Confession
- Jack Knudson
- Apr 27, 2022
- 4 min read
By Jack Knudson
My knees sunk into the velvet bar, and my forearms rested on another. I folded my hands, ramming my palms together until it hurt. Even though the other side of the latticed screen was empty, I felt like groveling to no one.
I wondered what he would have me do. Bow 1,000 times? Kiss a cross every hour of every day until I die? I hoped I wouldn’t have to do that one gesture where they bow a knee next to the long seats. My legs already ached.
I heard a door unlatch; someone entered the room ahead with a slow shuffle. I straightened my posture and cleared my throat, as if the big man upstairs had come downstairs to declare my verdict.
“Good morning,” a quiet voice offered. It was a voice that carried authority. I figured it had dedicated much of its life to sermons.
“Um, good morning, sir. Er, Father.”
A raspy laugh came through the screen, nearly developing into a cough.
“No need to be anxious,” he said after he recovered. My mouth was zipped shut, because if I said something wrong, I was sure it was a one way ticket to Hell.
“Tell me, do you know how to make the sign of the Cross?” he asked.
I should’ve known the answer to this question. It was one of those questions that’s a shoo-in. I racked my brain for no longer than five seconds, and said “no, Father”.
“Place your fingers to your forehead.”
I did as he told, holding them there as if to pluck something from my brow.
“Down to your chest... and over to your left shoulder.”
I began to move them to my right shoulder for some odd reason, but quickly stumbled back towards the left. I nearly cursed before I remembered where I was.
“Finally, over to your right shoulder.”
For a moment, I was surprised at how effortless of a motion it was. It wasn’t the kind of peculiar sign language I thought it would be, where I would have to memorize hundreds of patterns from a booklet as heavy as a cinderblock.

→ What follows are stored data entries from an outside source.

lemma vec_of_poly_one_plus_x_mult:
  assumes n: "0 < n" and m: "0 < m"
  shows "vec_of_poly m n (one_plus_x * f) = Tmap m n (vec_of_poly m n f)"
proof
  fix i
  show "vec_of_poly m n (one_plus_x * f) i = Tmap m n (vec_of_poly m n f) i"
  proof (cases "i < n")
    case True
    have r: "(n - i) mod n < n" using n by simp
    have "folded_coeff n (one_plus_x * f) ((n - i) mod n) =
          folded_coeff n f ((n - i) mod n) + folded_coeff n f ((n - Suc i mod n) mod n)"
      unfolding one_plus_x_altdef distrib_right mult_1_left folded_coeff_add
        folded_coeff_x_mult[OF n r] minus_mod_Suc[OF True] ..
    then show ?thesis using True n m by (simp add: vec_of_poly_def Tmap_def nat_mod_add)
  qed (simp add: vec_of_poly_def Tmap_def)
qed

lemma funpow_Tmap_vec_of_poly:
  assumes "0 < n" and "0 < m"
  shows "(Tmap m n ^^ k) (vec_of_poly m n f) = vec_of_poly m n (one_plus_x ^ k * f)"
  by (induct k) (simp_all add: vec_of_poly_one_plus_x_mult[OF assms, symmetric] mult.assoc)

lemma vec_of_poly_in_vecs: "0 < m \<Longrightarrow> vec_of_poly m n f \<in> vecs m n"
  by (auto simp: vecs_def vec_of_poly_def nat_less_iff)

lemma vec_of_poly_of_vec:
  assumes n: "0 < n" and a: "a \<in> vecs m n"
  shows "vec_of_poly m n (poly_of_vec n a) = a"
proof
  fix j
  show "vec_of_poly m n (poly_of_vec n a) j = a j"
  proof (cases "j < n")
    case True
    have "folded_coeff n (poly_of_vec n a) ((n - j) mod n) = (\<Sum>i<n. if i = j then int (a i) else 0)"
      unfolding poly_of_vec_def folded_coeff_sum folded_coeff_monom
      by (rule sum.cong) (use True minus_mod_inj[of _ n j] in auto)
    then show ?thesis using True a by (simp add: vec_of_poly_def vecs_def)
  qed (use a in \<open>simp add: vec_of_poly_def vecs_def\<close>)
qed

lemma finite_vecs: "finite (vecs m n)"
proof -
  define L where "L = {xs. set xs \<subseteq> {..<m} \<and> length xs = n}"
  define extend where "extend xs i = (if i < n then xs ! i else 0)" for xs :: "nat list" and i
  have "vecs m n \<subseteq> extend ` L"
  proof
    fix a assume "a \<in> vecs m n"
    then have "a = extend (map a [0..<n])" and "map a [0..<n] \<in> L"
      by (auto simp: vecs_def L_def extend_def)
    then show "a \<in> extend ` L" by blast
  qed
  moreover have "finite L"
    unfolding L_def by (rule finite_lists_length_eq) simp
  ultimately show ?thesis by (meson finite_imageI finite_subset)
qed

definition eventual_period :: "nat \<Rightarrow> nat \<Rightarrow> int poly \<Rightarrow> nat \<Rightarrow> bool" where
  "eventual_period m n f P \<longleftrightarrow> (\<exists>K. one_plus_x ^ K * (one_plus_x ^ P - 1) * f \<in> cyc_ideal m n)"

definition is_period :: "nat \<Rightarrow> nat \<Rightarrow> nat \<Rightarrow> bool" where
  "is_period m n P \<longleftrightarrow> (\<exists>K. one_plus_x ^ K * (one_plus_x ^ P - 1) \<in> cyc_ideal m n)"

definition min_period :: "nat \<Rightarrow> nat \<Rightarrow> nat" where
  "min_period m n = (LEAST P. 0 < P \<and> is_period m n P)"

lemma eventual_period_one: "eventual_period m n 1 P \<longleftrightarrow> is_period m n P"
  by (simp add: eventual_period_def is_period_def)

lemma is_period_imp_eventual_period: "is_period m n P \<Longrightarrow> eventual_period m n f P"
  unfolding is_period_def eventual_period_def using cyc_ideal_mult_right by blast
(* Let $m\in A_n$ be a monomial with $\mathrm{mdeg}(m)=(\alpha,\beta)$. Then: (i) $g_+(m)$ and $g_-(m)$ commute if and only if $\alpha=\beta$; (ii) if $g_+(m)$ and $g_-(m)$ do not commute, then $\deg([g_+(m),g_-(m)])=\deg(g_+(m))+\deg(g_-(m))-2=:d$; (iii) in that case $$\deg\Big([g_+(m),g_-(m)]+2i\sum_{k=1}^n(\alpha_k^2-\beta_k^2)\,a^{(\alpha+\beta-e_k,\;\alpha+\beta-e_k)}\Big)<d,$$ where the summands with $\alpha_k+\beta_k=0$ vanish.
   Context: Fix $n\ge 1$. The Weyl algebra $A_n$ is the unital associative $\mathbb{C}$-algebra generated by $a_1,\dots,a_n,a_1^\dagger,\dots,a_n^\dagger$ subject to $[a_i,a_j^\dagger]=\delta_{ij}$ and $[a_i,a_j]=[a_i^\dagger,a_j^\dagger]=0$. For $\gamma=(\alpha,\beta)\in\mathbb N_0^{2n}$ set $a^{\gamma}=(a_1^\dagger)^{\alpha_1}\cdots(a_n^\dagger)^{\alpha_n}a_1^{\beta_1}\cdots a_n^{\beta_n}$; these form a $\mathbb C$-basis of $A_n$; $|\gamma|=\sum_j\alpha_j+\sum_j\beta_j$. For $0\neq g\in A_n$, $\deg(g)$ is the largest $|\gamma|$ such that $a^\gamma$ has nonzero coefficient in the expansion of $g$; $\deg(0)=-\infty$. A monomial is a finite product (in any order) of the generators $a_j,a_j^\dagger$; its multi-degree $\mathrm{mdeg}(m)=(\alpha,\beta)$ records the number $\alpha_j$ of factors $a_j^\dagger$ and $\beta_j$ of factors $a_j$. The adjoint $\dagger$ is the conjugate-linear anti-automorphism with $(a_j)^\dagger=a_j^\dagger$, $(a_j^\dagger)^\dagger=a_j$, $1^\dagger=1$. $g_+(m)=i(m^\dagger+m)$, $g_-(m)=m^\dagger-m$. $e_k\in\mathbb N_0^n$ denotes the $k$-th unit vector. *)

theory Defs
  imports Complex_Main "HOL-Library.Function_Algebras" "HOL-Library.Extended_Real"
begin

text \<open>The Weyl algebra A_n is modelled by its normal-ordered basis: an element is a
  function from multi-indices (alpha, beta) to coefficients (finitely supported,
  alpha j = beta j = 0 for j >= n); the function value at (alpha,beta) is the
  coefficient of the basis element (a^dagger)^alpha a^beta.  Modes are indexed
  0..n-1 (paper: 1..n).\<close>

type_synonym midx = "(nat \<Rightarrow> nat) \<times> (nat \<Rightarrow> nat)"
type_synonym weyl = "midx \<Rightarrow> complex"

datatype gen = Cre nat | Ann nat

fun gidx :: "gen \<Rightarrow> nat" where
  "gidx (Cre j) = j" | "gidx (Ann j) = j"

fun gdag :: "gen \<Rightarrow> gen" where
  "gdag (Cre j) = Ann j" | "gdag (Ann j) = Cre j"

definition basis :: "midx \<Rightarrow> weyl" where
  "basis \<gamma> = (\<lambda>\<delta>. if \<delta> = \<gamma> then 1 else 0)"

text \<open>Left multiplication by a generator, derived from the defining relations:
  a_j^dagger a^(alpha,beta) = a^(alpha+e_j,beta),
  a_j a^(alpha,beta) = a^(alpha,beta+e_j) + alpha_j a^(alpha-e_j,beta).\<close>
fun lmul :: "gen \<Rightarrow> weyl \<Rightarrow> weyl" where
  "lmul (Cre j) g = (\<lambda>(\<alpha>, \<beta>). if \<alpha> j > 0 then g (\<alpha>(j := \<alpha> j - 1), \<beta>) else 0)"
| "lmul (Ann j) g = (\<lambda>(\<alpha>, \<beta>).
      (if \<beta> j > 0 then g (\<alpha>, \<beta>(j := \<beta> j - 1)) else 0)
      + of_nat (\<alpha> j + 1) * g (\<alpha>(j := \<alpha> j + 1), \<beta>))"

fun act :: "gen list \<Rightarrow> weyl \<Rightarrow> weyl" where
  "act [] g = g"
| "act (x # xs) g = lmul x (act xs g)"

definition mon :: "gen list \<Rightarrow> weyl" where
  "mon w = act w (basis (\<lambda>_. 0, \<lambda>_. 0))"

definition word :: "nat \<Rightarrow> midx \<Rightarrow> gen list" where
  "word n \<gamma> = concat (map (\<lambda>j. replicate (fst \<gamma> j) (Cre j)) [0..<n])
             @ concat (map (\<lambda>j. replicate (snd \<gamma> j) (Ann j)) [0..<n])"

definition wmul :: "nat \<Rightarrow> weyl \<Rightarrow> weyl \<Rightarrow> weyl" where
  "wmul n f g = (\<Sum>\<gamma>\<in>{\<gamma>. f \<gamma> \<noteq> 0}. (\<lambda>\<delta>. f \<gamma> * act (word n \<gamma>) g \<delta>))"

definition comm :: "nat \<Rightarrow> weyl \<Rightarrow> weyl \<Rightarrow> weyl" where
  "comm n f g = wmul n f g - wmul n g f"

definition mlen :: "nat \<Rightarrow> midx \<Rightarrow> nat" where
  "mlen n \<gamma> = (\<Sum>j<n. fst \<gamma> j) + (\<Sum>j<n. snd \<gamma> j)"

definition wdeg :: "nat \<Rightarrow> weyl \<Rightarrow> ereal" where
  "wdeg n g = (if g = 0 then -\<infinity> else ereal (real (Max {mlen n \<gamma> | \<gamma>. g \<gamma> \<noteq> 0})))"

definition mdeg :: "gen list \<Rightarrow> midx" where
  "mdeg w = (\<lambda>j. count_list w (Cre j), \<lambda>j. count_list w (Ann j))"

definition mon_adj :: "gen list \<Rightarrow> weyl" where
  "mon_adj w = mon (rev (map gdag w))"

definition g_plus :: "gen list \<Rightarrow> weyl" where
  "g_plus w = (\<lambda>\<gamma>. \<i> * (mon_adj w \<gamma> + mon w \<gamma>))"

definition g_minus :: "gen list \<Rightarrow> weyl" where
  "g_minus w = (\<lambda>\<gamma>. mon_adj w \<gamma> - mon w \<gamma>)"

end

theory Submission
  imports Defs
begin

text \<open>With \<open>w'\<close> the reversed word of adjoint letters, \<open>g\<^sub>+\<close> and \<open>g\<^sub>-\<close> are combinations of \<open>w\<close> and
  \<open>w'\<close>, and their commutator is \<open>2i [w, w']\<close>.  Moving the letters of \<open>w'\<close> past those of \<open>w\<close>
  produces one contraction per pair \<open>a_k\<close>, \<open>a_k\<^sup>\<dagger>\<close>; the remaining monomial has degree
  \<open>2|w| - 2\<close> and leading term at \<open>(\<alpha>+\<beta>-e_k, \<alpha>+\<beta>-e_k)\<close>, while its lower terms have degree at
  most \<open>2|w| - 4\<close>.  Counting contractions gives the leading part
  \<open>\<Sum>\<^sub>k (\<beta>\<^sub>k\<^sup>2 - \<alpha>\<^sub>k\<^sup>2) a^(\<alpha>+\<beta>-e_k, \<alpha>+\<beta>-e_k)\<close>, which is nonzero exactly when \<open>\<alpha> \<noteq> \<beta>\<close>.
  When \<open>\<alpha> = \<beta>\<close>, both words are charge-free; such monomials act diagonally in the Fock
  representation on the entries \<open>(\<rho>, 0)\<close>, and that representation is faithful, so they commute.\<close>

definition wsmult :: "complex \<Rightarrow> weyl \<Rightarrow> weyl" where
  "wsmult c f = (\<lambda>\<gamma>. c * f \<gamma>)"

lemma wsmult_apply [simp]: "wsmult c f \<gamma> = c * f \<gamma>"
  by (simp add: wsmult_def)

lemma wsmult_0 [simp]: "wsmult 0 f = 0"
  by (simp add: wsmult_def fun_eq_iff)

lemma sum_fun_apply: "(\<Sum>i\<in>I. F i) x = (\<Sum>i\<in>I. F i x)"
  by (induction I rule: infinite_finite_induct) auto

lemma basis_apply: "basis \<delta> \<gamma> = (if \<gamma> = \<delta> then 1 else 0)"
  by (simp add: basis_def)

section \<open>Left multiplication and commuting words\<close>

lemma lmul_add: "lmul x (f + g) = lmul x f + lmul x g"
  by (cases x) (auto simp: fun_eq_iff algebra_simps)

lemma lmul_diff: "lmul x (f - g) = lmul x f - lmul x g"
  by (cases x) (auto simp: fun_eq_iff algebra_simps)

lemma lmul_wsmult: "lmul x (wsmult c f) = wsmult c (lmul x f)"
  by (cases x) (auto simp: fun_eq_iff algebra_simps)

lemma lmul_zero: "lmul x 0 = 0"
  by (cases x) (auto simp: fun_eq_iff)

lemma lmul_sum: "lmul x (\<Sum>i\<in>I. F i) = (\<Sum>i\<in>I. lmul x (F i))"
  using sum_comp_morphism[of "lmul x" F I] by (simp add: lmul_zero lmul_add comp_def)

lemma act_add: "act u (f + g) = act u f + act u g"
  by (induction u) (simp_all only: act.simps lmul_add)

lemma act_wsmult: "act u (wsmult c f) = wsmult c (act u f)"
  by (induction u) (simp_all only: act.simps lmul_wsmult)

lemma act_zero: "act u 0 = 0"
  by (induction u) (simp_all only: act.simps lmul_zero)

lemma act_sum: "act u (\<Sum>i\<in>I. F i) = (\<Sum>i\<in>I. act u (F i))"
  using sum_comp_morphism[of "act u" F I] by (simp add: act_zero act_add comp_def)

lemma act_append: "act (u @ v) g = act u (act v g)"
  by (induction u) auto

lemma mon_Cons: "mon (x # u) = lmul x (mon u)"
  by (simp add: mon_def)

lemma mon_append: "mon (u @ v) = act u (mon v)"
  by (simp add: mon_def act_append)

fun ccr :: "gen \<Rightarrow> gen \<Rightarrow> complex" where
  "ccr (Ann j) (Cre k) = (if j = k then 1 else 0)"
| "ccr (Cre j) (Ann k) = (if j = k then -1 else 0)"
| "ccr _ _ = 0"

lemma lmul_lmul_swap: "lmul x (lmul y g) = lmul y (lmul x g) + wsmult (ccr x y) g"
  by (cases x; cases y; cases "gidx x = gidx y")
     (auto simp: fun_eq_iff fun_upd_twist algebra_simps)

lemma act_Cons_minus_act_snoc:
  "act (x # v) g - act (v @ [x]) g
   = (\<Sum>j<length v. wsmult (ccr x (v!j)) (act (take j v @ drop (Suc j) v) g))"
proof (induction v)
  case Nil thus ?case by simp
next
  case (Cons y v)
  have "act (x # y # v) g - act ((y # v) @ [x]) g
      = lmul y (act (x # v) g - act (v @ [x]) g) + wsmult (ccr x y) (act v g)"
    using lmul_lmul_swap[of x y "act v g"] by (simp add: lmul_diff algebra_simps)
  also have "\<dots> = (\<Sum>j<length (y # v). wsmult (ccr x ((y # v)!j))
                    (act (take j (y # v) @ drop (Suc j) (y # v)) g))"
    unfolding Cons lmul_sum length_Cons sum.lessThan_Suc_shift
    by (simp add: lmul_wsmult add.commute)
  finally show ?case .
qed

lemma act_append_swap:
  "act (u @ v) g - act (v @ u) g
   = (\<Sum>i<length u. \<Sum>j<length v. wsmult (ccr (u!i) (v!j))
        (act (take i u @ take j v @ drop (Suc j) v @ drop (Suc i) u) g))"
proof (induction u)
  case Nil thus ?case by simp
next
  case (Cons x u)
  have "act ((x # u) @ v) g - act (v @ x # u) g
     = lmul x (act (u @ v) g - act (v @ u) g) + (act (x # v) (act u g) - act (v @ [x]) (act u g))"
    by (simp add: act_append lmul_diff)
  also have "\<dots> = (\<Sum>i<length (x # u). \<Sum>j<length v. wsmult (ccr ((x # u)!i) (v!j))
        (act (take i (x # u) @ take j v @ drop (Suc j) v @ drop (Suc i) (x # u)) g))"
    unfolding Cons act_Cons_minus_act_snoc lmul_sum length_Cons sum.lessThan_Suc_shift
    by (simp add: lmul_wsmult act_append add.commute)
  finally show ?case .
qed

lemma lmul_nonzeroE:
  assumes "lmul x f (a, b) \<noteq> 0"
  obtains j where "x = Cre j" "a j > 0" "f (a(j := a j - 1), b) \<noteq> 0"
    | j where "x = Ann j" "b j > 0" "f (a, b(j := b j - 1)) \<noteq> 0"
    | j where "x = Ann j" "f (a(j := a j + 1), b) \<noteq> 0"
proof (cases x)
  case (Ann j)
  with assms consider "b j > 0" "f (a, b(j := b j - 1)) \<noteq> 0" | "f (a(j := a j + 1), b) \<noteq> 0"
    by (cases "f (a(j := a j + 1), b) = 0") (auto split: if_splits)
  with Ann that show thesis by metis
qed (use assms that in \<open>auto split: if_splits\<close>)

“How long has it been since your last confession?” the voice asked.
He could definitely tell from the start how ignorant I was when it came to this stuff. Why else would he ask that?
“Well, Father, this is my first confession.”
Silence congested the box like a thick layer of incense smoke.
“I commend you for coming here today. It wasn’t easy, I’m sure. What sins burdens you? Through God, you will be absolved of them.”
I never had a plan on how I would break the news to anyone. As sick as it made me, I knew I had to confess. It couldn’t bear it any longer.
“You see, Father, I… I don’t know if I can let it out of my system.”
“I understand. Though I cannot force you to stay here, know that God will forgive you in the end. He does not flinch from anyone, no matter the sins you have committed.”
I couldn’t believe that this God’d forgive anything. Surely I wouldn’t get off scot-free, but if I kept this burden forever…
“I saw someone who needed help. Real bad, Father.”
It was like prying my teeth out, but worse. “And I let them get hurt. I don’t know why, but I chose to ignore them.”
I didn’t tell him about how the rain battered the ground that day, or how terrified I was that I averted my gaze like a coward.
He probably wanted me to say more, because he didn’t say a word. He left me to consider what I had failed to do, and I hated that. I began to hazily wonder about all of the sins he heard in his old age, and how he lived with them forever, not unlike the way I lived with mine.
“Are there any other sins you wish to be absolved of?” he asked at some point in his empathetic hum, a twinge of sympathy in his tone.
There probably were, but I said no. I had done what I wanted to do, yet I still could barely think straight.
He gave me a ‘penance’, and then had me recite some prayer. It all sounded like static in my ears. Then he said something profound, I was pretty sure of it, because I said “thank you.” Eventually, though, I sensed that he had left. I didn’t know how long I had been kneeling. Minutes? Hours?
My feet fell asleep. My chest felt full, and fuller by the minute. For whatever reason, the lump in my throat rose until it came knocking at my lips. I couldn’t keep them shut no matter how hard I tried.
“I’m sorry,” I said to someone. But I didn’t know who.
Jack Knudson is a student studying journalism at Ohio University. His favorite book genre is historical fiction.